Seit Jahren ist es Tradition: Punkt 18 Uhr, direkt nach Schließung der Wahllokale, präsentieren ARD und ZDF die erste Prognose der Wahlergebnisse. Auch für die Europawahl am Sonntag ist das geplant. Diese Prognose basiert auf Nachwahlbefragungen, bei denen Wählerinnen und Wähler direkt nach der Stimmabgabe interviewt werden.

Doch genau hier liegt ein wachsendes Problem! Immer mehr Menschen entscheiden sich für die Briefwahl und stehen damit für solche Befragungen nicht zur Verfügung. Das wirkt sich auch auf die berühmte 18-Uhr-Prognose aus.

Steigende Briefwahlzahlen

Die Zahl der Briefwählerinnen und Briefwähler hat in den letzten Jahren stark zugenommen. Bei der Europawahl 2019 nutzten 28 Prozent diese Möglichkeit, bei der Bundestagswahl 2021 waren es sogar 47,3 Prozent – sicherlich auch beeinflusst durch die Corona-Pandemie. Nicht nur ältere Menschen nutzen die Briefwahl. Auch für junge, mobile Menschen wird sie aus zeitlichen Gründen immer beliebter. Wie viele Menschen bei der Europawahl per Brief ihre Stimme abgeben, ist noch unklar.

Diese Entwicklung stellt die Meinungsforscher vor große Herausforderungen. Wie sollen sie um 18 Uhr eine präzise Prognose abgeben, wenn fast die Hälfte der Stimmen aus Briefwahlstimmen kommen, die erst später ausgezählt werden?

Drei Quellen

Stefan Merz von Infratest dimap versichert gegenüber dem „MDR“ dennoch, dass es auch zur Europawahl am 9. Juni um 18 Uhr eine Prognose geben werde. Diese werde allerdings keine direkten Nachwahlbefragungen von Briefwählern enthalten. Merz betont: „Die Briefe mit den Wahlzetteln der Briefwähler werden nicht vor 18 Uhr geöffnet.“

Um dennoch eine möglichst genaue Prognose erstellen zu können, greift Infratest dimap auf diese drei Informationsquellen zurück. Erstens werden Erfahrungen aus früheren Wahlen genutzt, um Muster und Trends zu erkennen.

Briefwahl oder nicht?

Zweitens werden in Vorwahlbefragungen gezielt Informationen darüber erhoben, ob die Befragten ihre Stimme per Briefwahl abgeben wollen oder bereits abgegeben haben. Diese Daten sollen einen ersten Hinweis auf das mögliche Wahlverhalten der Briefwähler geben.

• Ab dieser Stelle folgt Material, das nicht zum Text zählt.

(* Fix a stage $t<\ell$ and a sub-stage $i\in\{1,2\}$ at stage $t$, with $\Omega_1=\mathcal S\times\mathcal H_{1,t}$ and $\Omega_2=\mathcal S\times\mathcal H_{1,t}\times\mathcal A_1$. For each player-1 continuation policy $\pi_1$ from sub-stage $(i,t)$, let $\Gamma_2^{\pi_1}\subset\mathbb R^{\Omega_i}$ be the finite set of value vectors $\alpha^{\pi_1,\kappa}$ over all deterministic player-2 continuation trees $\kappa$, and let $\Gamma_1=\{\Gamma_2^{\pi_1}:\pi_1\}$ be the family of these sets (representing the player-1 continuations). Then for every sequential occupancy state $x_i$ at sub-stage $(i,t)$, \[ v^*_{\mathrm{seq}}(x_i)=\max_{\Gamma_2\in\Gamma_1}\mathtt{Val}_{\Gamma_2}(x_i),\qquad \mathtt{Val}_{\Gamma_2}(x_i)=\sum_{h_2\in\mathcal H_{2,t}}\min_{\alpha\in\Gamma_2}\langle b_{h_2},\alpha\rangle . \]
   Context: A finite-horizon two-player zero-sum partially observable stochastic game consists of finite sets $\mathcal S,\mathcal A_1,\mathcal A_2,\mathcal Z_1,\mathcal Z_2$, a kernel $p(s',z_1,z_2\mid s,a_1,a_2)$, reward $r(s,a_1,a_2)$ to player 1 (maximiser) paid by player 2 (minimiser), initial $b\in\Delta(\mathcal S)$, discount $\gamma\in[0,1)$, horizon $\ell$. Player $i$'s private history at stage $t$ is $h_{i,t}=(a_{i,0},z_{i,1},\dots,a_{i,t-1},z_{i,t})\in\mathcal H_{i,t}$; $h\cdot a\cdot z$ denotes appending. Decision rules $d_{i,t}:\mathcal H_{i,t}\to\Delta(\mathcal A_i)$ form $\mathcal D_{i,t}$. Sub-stages $(1,t),(2,t)$ for $t<\ell$, terminal $(1,\ell)$. Sequential occupancy states: $x_{1,t}\in\Delta(\mathcal S\times\mathcal H_{1,t}\times\mathcal H_{2,t})$, $x_{2,t}\in\Delta(\mathcal S\times\mathcal H_{1,t}\times\mathcal H_{2,t}\times\mathcal A_1)$. Transitions/rewards: $\tau_{\mathrm{seq}}(x_{1,t},d_{1,t})(s,h_1,h_2,a_1)=x_{1,t}(s,h_1,h_2)d_{1,t}(a_1\mid h_1)$, $\rho_{\mathrm{seq}}(x_{1,t},d_{1,t})=0$; $\tau_{\mathrm{seq}}(x_{2,t},d_{2,t})(s',h_1\cdot a_1\cdot z_1,h_2\cdot a_2\cdot z_2)=\sum_s x_{2,t}(s,h_1,h_2,a_1)d_{2,t}(a_2\mid h_2)p(s',z_1,z_2\mid s,a_1,a_2)$, $\rho_{\mathrm{seq}}(x_{2,t},d_{2,t})=\sum x_{2,t}(s,h_1,h_2,a_1)d_{2,t}(a_2\mid h_2)r(s,a_1,a_2)$. The optimal sequential value $v^*_{\mathrm{seq}}$ is defined by backward recursion: $v^*_{\mathrm{seq}}(x_{1,\ell})=0$, $v^*_{\mathrm{seq}}(x_{2,t})=\min_{d_{2,t}}[\rho_{\mathrm{seq}}(x_{2,t},d_{2,t})+\gamma v^*_{\mathrm{seq}}(\tau_{\mathrm{seq}}(x_{2,t},d_{2,t}))]$, $v^*_{\mathrm{seq}}(x_{1,t})=\max_{d_{1,t}}v^*_{\mathrm{seq}}(\tau_{\mathrm{seq}}(x_{1,t},d_{1,t}))$. Local beliefs: for an occupancy $x_i$ at $(i,t)$ and $h_2\in\mathcal H_{2,t}$, $b_{h_2}\in\mathbb R_+^{\Omega_i}$ is the unnormalised slice $b_{h_2}(\omega)=x_i(\omega,h_2)$. A player-1 continuation policy from $(1,t)$ is a sequence $(d_{1,t},\dots,d_{1,\ell-1})$ and from $(2,t)$ is $(d_{1,t+1},\dots,d_{1,\ell-1})$. A deterministic player-2 continuation tree $\kappa$ from stage $t$ assigns an action in $\mathcal A_2$ to each sequence of player-2 actions and observations occurring after stage $t$ (the current history being the root). The value vector $\alpha^{\pi_1,\kappa}\in\mathbb R^{\Omega_i}$ is given by $\alpha^{\pi_1,\kappa}(\omega)=\mathbb E[\sum_{k=t}^{\ell-1}\gamma^{k-t}r(s_k,a_{1,k},a_{2,k})]$ conditional on the current state and player-1 history (and, when $i=2$, player 1's current action $a_{1,t}$) being $\omega$, when player 1 follows $\pi_1$ and player 2 follows $\kappa$. *)

theory Defs
  imports "HOL-Analysis.Analysis"
begin
lemma trace_matpow:
  fixes M :: "real^2^2"
  assumes "a + b = trace M" "a * b = det M"
  shows "trace (matpow M j) = a ^ j + b ^ j"
proof -
  have "trace (matpow M j) = a ^ j + b ^ j \<and> trace (matpow M (Suc j)) = a ^ Suc j + b ^ Suc j"
  proof (induction j)
    case 0
    then show ?case
      using assms(1) by (simp add: trace_I)
  next
    case (Suc j)
    have "trace (matpow M (Suc (Suc j))) = trace M * trace (matpow M (Suc j)) - det M * trace (matpow M j)"
      by (subst matpow_Suc_Suc) (simp add: trace_2 algebra_simps)
    then show ?case
      using Suc assms[symmetric] by (simp add: algebra_simps)
  qed
  then show ?thesis
    by simp
qed

lemma matpow_unbounded:
  fixes M :: "real^2^2"
  assumes "a + b = trace M" "a * b = det M" "\<bar>a\<bar> > 1" "\<bar>b\<bar> \<le> 1"
  obtains j where "hi < opnorm (matpow M j)"
proof -
  obtain j where j: "2 * hi + 1 < \<bar>a\<bar> ^ j"
    using real_arch_pow assms(3) by blast
  have "\<bar>b ^ j\<bar> \<le> 1"
    using assms(4) by (simp add: power_abs power_le_one)
  then have "\<bar>a\<bar> ^ j - 1 \<le> \<bar>a ^ j + b ^ j\<bar>"
    by (simp add: power_abs[symmetric])
  also have "\<dots> \<le> 2 * opnorm (matpow M j)"
    using abs_trace_le_opnorm[of "matpow M j"] trace_matpow[OF assms(1,2)] by simp
  finally show ?thesis
    using j that by (smt (verit))
qed


lemma bounded_matpow_eigenvalue_pm_one:
  fixes M :: "real^2^2"
  assumes "\<bar>det M\<bar> < 1" and "0 < lo"
    and lower: "\<And>j. lo \<le> opnorm (matpow M j)" and upper: "\<And>j. opnorm (matpow M j) \<le> hi"
  shows "(1 + det M)^2 = (trace M)^2"
proof (rule ccontr)
  let ?t = "trace M" and ?d = "det M"
  assume ne: "(1 + ?d)^2 \<noteq> ?t^2"
  have not_zero: "\<not> lucas ?t ?d \<longlonglongrightarrow> 0"
  proof
    assume "lucas ?t ?d \<longlonglongrightarrow> 0"
    then have "(\<lambda>j. opnorm (matpow M j)) \<longlonglongrightarrow> 0"
      by (rule lucas_tendsto_zero_imp_matpow_tendsto_zero)
    then have "lo \<le> 0"
      using LIMSEQ_le_const lower by blast
    then show False
      using \<open>0 < lo\<close> by simp
  qed
  show False
  proof (cases "?t^2 < 4 * ?d")
    case True
    then show False
      using lucas_tendsto_zero_complex not_zero assms(1) by auto
  next
    case False
    define s where "s = sqrt (?t^2 - 4 * ?d)"
    define a where "a = (?t + s) / 2"
    define b where "b = (?t - s) / 2"
    have "s^2 = ?t^2 - 4 * ?d"
      using False by (simp add: s_def)
    then have ab: "a + b = ?t" "a * b = ?d"
      by (simp_all add: a_def b_def field_simps power2_eq_square)
    then have "(1 - a^2) * (1 - b^2) = (1 + ?d)^2 - ?t^2"
      unfolding ab[symmetric] by (simp add: power2_eq_square algebra_simps)
    then have "a^2 \<noteq> 1" "b^2 \<noteq> 1"
      using ne by auto
    then have a1: "\<bar>a\<bar> \<noteq> 1" and b1: "\<bar>b\<bar> \<noteq> 1"
      by (auto simp: abs_if power2_eq_square)
    have ab_lt: "\<bar>a\<bar> * \<bar>b\<bar> < 1"
      using ab(2) assms(1) by (simp add: abs_mult[symmetric])
    consider "\<bar>a\<bar> > 1" | "\<bar>b\<bar> > 1" | "\<bar>a\<bar> < 1" "\<bar>b\<bar> < 1"
      using a1 b1 by linarith
    then show False
    proof cases
      case 1
      then have "\<bar>b\<bar> \<le> 1"
        using ab_lt by (smt (verit) mult_le_cancel_right1 abs_ge_zero)
      then obtain j where "hi < opnorm (matpow M j)"
        using matpow_unbounded[OF ab 1] by blast
      then show False
        using upper[of j] by simp
    next
      case 2
      then have "\<bar>a\<bar> \<le> 1"
        using ab_lt by (smt (verit) mult_le_cancel_left1 abs_ge_zero)
      moreover have "b + a = ?t" "b * a = ?d"
        using ab by (simp_all add: algebra_simps)
      ultimately obtain j where "hi < opnorm (matpow M j)"
        using matpow_unbounded[of b a M, OF _ _ 2] by blast
      then show False
        using upper[of j] by simp
    next
      case 3
      then show False
        using lucas_tendsto_zero_real[OF ab] not_zero by blast
    qed
  qed
qed

section \<open>A common eigenvector\<close>

lemma eigenvalue_pm_one:
  fixes B :: "real^2^2"
  assumes "(1 + det B)^2 = (trace B)^2"
  obtains \<epsilon> where "\<epsilon>^2 = 1" "trace B = \<epsilon> + \<epsilon> * det B" "det B = \<epsilon> * (\<epsilon> * det B)"
proof -
  have "trace B = 1 + det B \<or> trace B = - (1 + det B)"
    using assms by (metis power2_eq_iff)
  then show ?thesis
    using that[of 1] that[of "-1"] by auto
qed
(* Let $(V,E)$ be a finite graph with $E\ne\emptyset$ and $p\in(0,1)$. Let $(\eta_t,\sigma_t)_{t\ge0}$ be a continuous-time Markov jump process on $\{0,1\}^E\times\{-1,1\}^V$ with rates: if there exists $x\in V$ such that $\sigma'=\sigma^x$ and $\eta'(e)=\eta(e)$ for all $e\in E\setminus E_x$, then $c((\eta,\sigma),(\eta',\sigma'))=(1-p)^{|\{e\in E_x:\eta'(e)=0\}|}p^{|\{e\in E_x:\eta'(e)=1\}|}\mathbf 1_{(\eta',\sigma')\in\mathcal C_x}$; all other off-diagonal rates are $0$. Then $(\eta_t,\sigma_t)_{t\ge0}$ is reversible with respect to $IP$; its spin marginal $(\sigma_t)_{t\ge0}$ is a Markov jump process evolving according to the Glauber dynamics with rates $c(\sigma,\sigma^x)=(1-p)^{|\{e\in E_x:\delta_\sigma(e)=1\}|}$ for $x\in V$ (and rate $0$ for changes of two or more spins); and its edge marginal $(\eta_t)_{t\ge0}$ is not a Markov jump process.
   Context: Edge configurations $\eta\in\{0,1\}^E$, spin configurations $\sigma\in\{-1,1\}^V$. For $e=\langle x,y\rangle$, $\delta_\sigma(e)=\mathbf 1_{\sigma(x)=\sigma(y)}$. $IP(\eta,\sigma)=\frac1Z\prod_{e\in E}\big(p\mathbf 1_{\eta(e)=1}\delta_\sigma(e)+(1-p)\mathbf 1_{\eta(e)=0}\big)$ with $Z$ the normalizing constant. $E_x$ is the set of edges with endvertex $x$; $\sigma^x$ is $\sigma$ with the spin at $x$ flipped. $\mathcal C_x=\{(\eta,\sigma):\eta(e)\le\delta_\sigma(e)\text{ for all }e\in E_x\}$. Reversibility w.r.t. $IP$ means $IP(a)c(a,b)=IP(b)c(b,a)$ for all states $a,b$. A marginal process is a Markov jump process if it is a time-homogeneous Markov process for every initial distribution, with transition rates not depending on the initial distribution. *)

theory Defs
  imports Complex_Main
begin

definition generator :: "'s set \<Rightarrow> ('s \<Rightarrow> 's \<Rightarrow> real) \<Rightarrow> 's \<Rightarrow> 's \<Rightarrow> real" where
  "generator S c a b = (if a = b then - (\<Sum>b'\<in>S - {a}. c a b') else c a b)"

fun matpow :: "'s set \<Rightarrow> ('s \<Rightarrow> 's \<Rightarrow> real) \<Rightarrow> nat \<Rightarrow> 's \<Rightarrow> 's \<Rightarrow> real" where
  "matpow S Q 0 a b = (if a = b then 1 else 0)"
| "matpow S Q (Suc n) a b = (\<Sum>m\<in>S. matpow S Q n a m * Q m b)"

definition trans_fun :: "'s set \<Rightarrow> ('s \<Rightarrow> 's \<Rightarrow> real) \<Rightarrow> real \<Rightarrow> 's \<Rightarrow> 's \<Rightarrow> real" where
  "trans_fun S c t a b = (\<Sum>n. t ^ n / fact n * matpow S (generator S c) n a b)"

text \<open>Probability that the observed process f(X) takes the values y_i at times t_i
  (list of pairs (t_i, y_i)), given X at time t0 is in state a.\<close>
fun mfdd_from :: "'s set \<Rightarrow> ('s \<Rightarrow> 's \<Rightarrow> real) \<Rightarrow> ('s \<Rightarrow> 'o) \<Rightarrow> 's \<Rightarrow> real
    \<Rightarrow> (real \<times> 'o) list \<Rightarrow> real" where
  "mfdd_from S c f a t0 [] = 1"
| "mfdd_from S c f a t0 ((t, y) # rest) =
     (\<Sum>b\<in>{b\<in>S. f b = y}. trans_fun S c (t - t0) a b * mfdd_from S c f b t rest)"

definition mfdd :: "'s set \<Rightarrow> ('s \<Rightarrow> 's \<Rightarrow> real) \<Rightarrow> ('s \<Rightarrow> real) \<Rightarrow> ('s \<Rightarrow> 'o)
    \<Rightarrow> (real \<times> 'o) list \<Rightarrow> real" where
  "mfdd S c \<mu> f obs = (\<Sum>a\<in>S. \<mu> a * mfdd_from S c f a 0 obs)"

definition valid_times :: "(real \<times> 'o) list \<Rightarrow> bool" where
  "valid_times obs \<longleftrightarrow> sorted (map fst obs) \<and> (\<forall>t\<in>set (map fst obs). 0 \<le> t)"

definition is_distr :: "'s set \<Rightarrow> ('s \<Rightarrow> real) \<Rightarrow> bool" where
  "is_distr S \<mu> \<longleftrightarrow> (\<forall>a\<in>S. 0 \<le> \<mu> a) \<and> (\<Sum>a\<in>S. \<mu> a) = 1"

definition push :: "'s set \<Rightarrow> ('s \<Rightarrow> 'o) \<Rightarrow> ('s \<Rightarrow> real) \<Rightarrow> 'o \<Rightarrow> real" where
  "push S f \<mu> y = (\<Sum>a\<in>{a\<in>S. f a = y}. \<mu> a)"

definition is_rate :: "'s set \<Rightarrow> ('s \<Rightarrow> 's \<Rightarrow> real) \<Rightarrow> bool" where
  "is_rate S c \<longleftrightarrow> (\<forall>a\<in>S. \<forall>b\<in>S. a \<noteq> b \<longrightarrow> 0 \<le> c a b)"

text \<open>The marginal f(X) of the jump process (S,c) is, for every initial distribution,
  a time-homogeneous Markov jump process on T with rates c' (equality of all fdds).\<close>
definition marginal_is_mjp_with :: "'s set \<Rightarrow> ('s \<Rightarrow> 's \<Rightarrow> real) \<Rightarrow> ('s \<Rightarrow> 'o)
    \<Rightarrow> 'o set \<Rightarrow> ('o \<Rightarrow> 'o \<Rightarrow> real) \<Rightarrow> bool" where
  "marginal_is_mjp_with S c f T c' \<longleftrightarrow>
     (\<forall>\<mu>. is_distr S \<mu> \<longrightarrow> (\<forall>obs. valid_times obs \<longrightarrow> set (map snd obs) \<subseteq> T \<longrightarrow>
        mfdd S c \<mu> f obs = mfdd T c' (push S f \<mu>) id obs))"

definition marginal_is_mjp :: "'s set \<Rightarrow> ('s \<Rightarrow> 's \<Rightarrow> real) \<Rightarrow> ('s \<Rightarrow> 'o) \<Rightarrow> 'o set \<Rightarrow> bool" where
  "marginal_is_mjp S c f T \<longleftrightarrow> (\<exists>c'. is_rate T c' \<and> marginal_is_mjp_with S c f T c')"

definition reversible :: "'s set \<Rightarrow> ('s \<Rightarrow> real) \<Rightarrow> ('s \<Rightarrow> 's \<Rightarrow> real) \<Rightarrow> bool" where
  "reversible S \<pi> c \<longleftrightarrow> (\<forall>a\<in>S. \<forall>b\<in>S. \<pi> a * c a b = \<pi> b * c b a)"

Drittens wird am Morgen des Wahlsonntags in ausgewählten Wahlbezirken ermittelt, wie viele Wahlberechtigte Briefwahlunterlagen beantragt haben. Diese Informationen fließen in mathematische Modelle ein, mit deren Hilfe dann die Prognose erstellt wird. Das bedeutet aber auch, dass die 18-Uhr-Prognose mit einer gewissen Unsicherheit behaftet ist!



Später den Fernseher einschalten

Mit der Auszählung der Stimmen nach 18 Uhr fließen die Ergebnisse aus den Briefwahlbezirken dann aber in die Hochrechnungen ein. Die Hochrechnungen werden also im Laufe des Abends immer genauer und geben ein immer präziseres Bild des Endergebnisses wieder.

Wer also am Sonntag etwas später den Fernseher einschaltet, bekommt auch eine genauere Prognose! In den letzten Jahren hat sich aber gezeigt, dass die 18-Uhr-Wahlprognose immer noch einen Trend vorhersagen kann.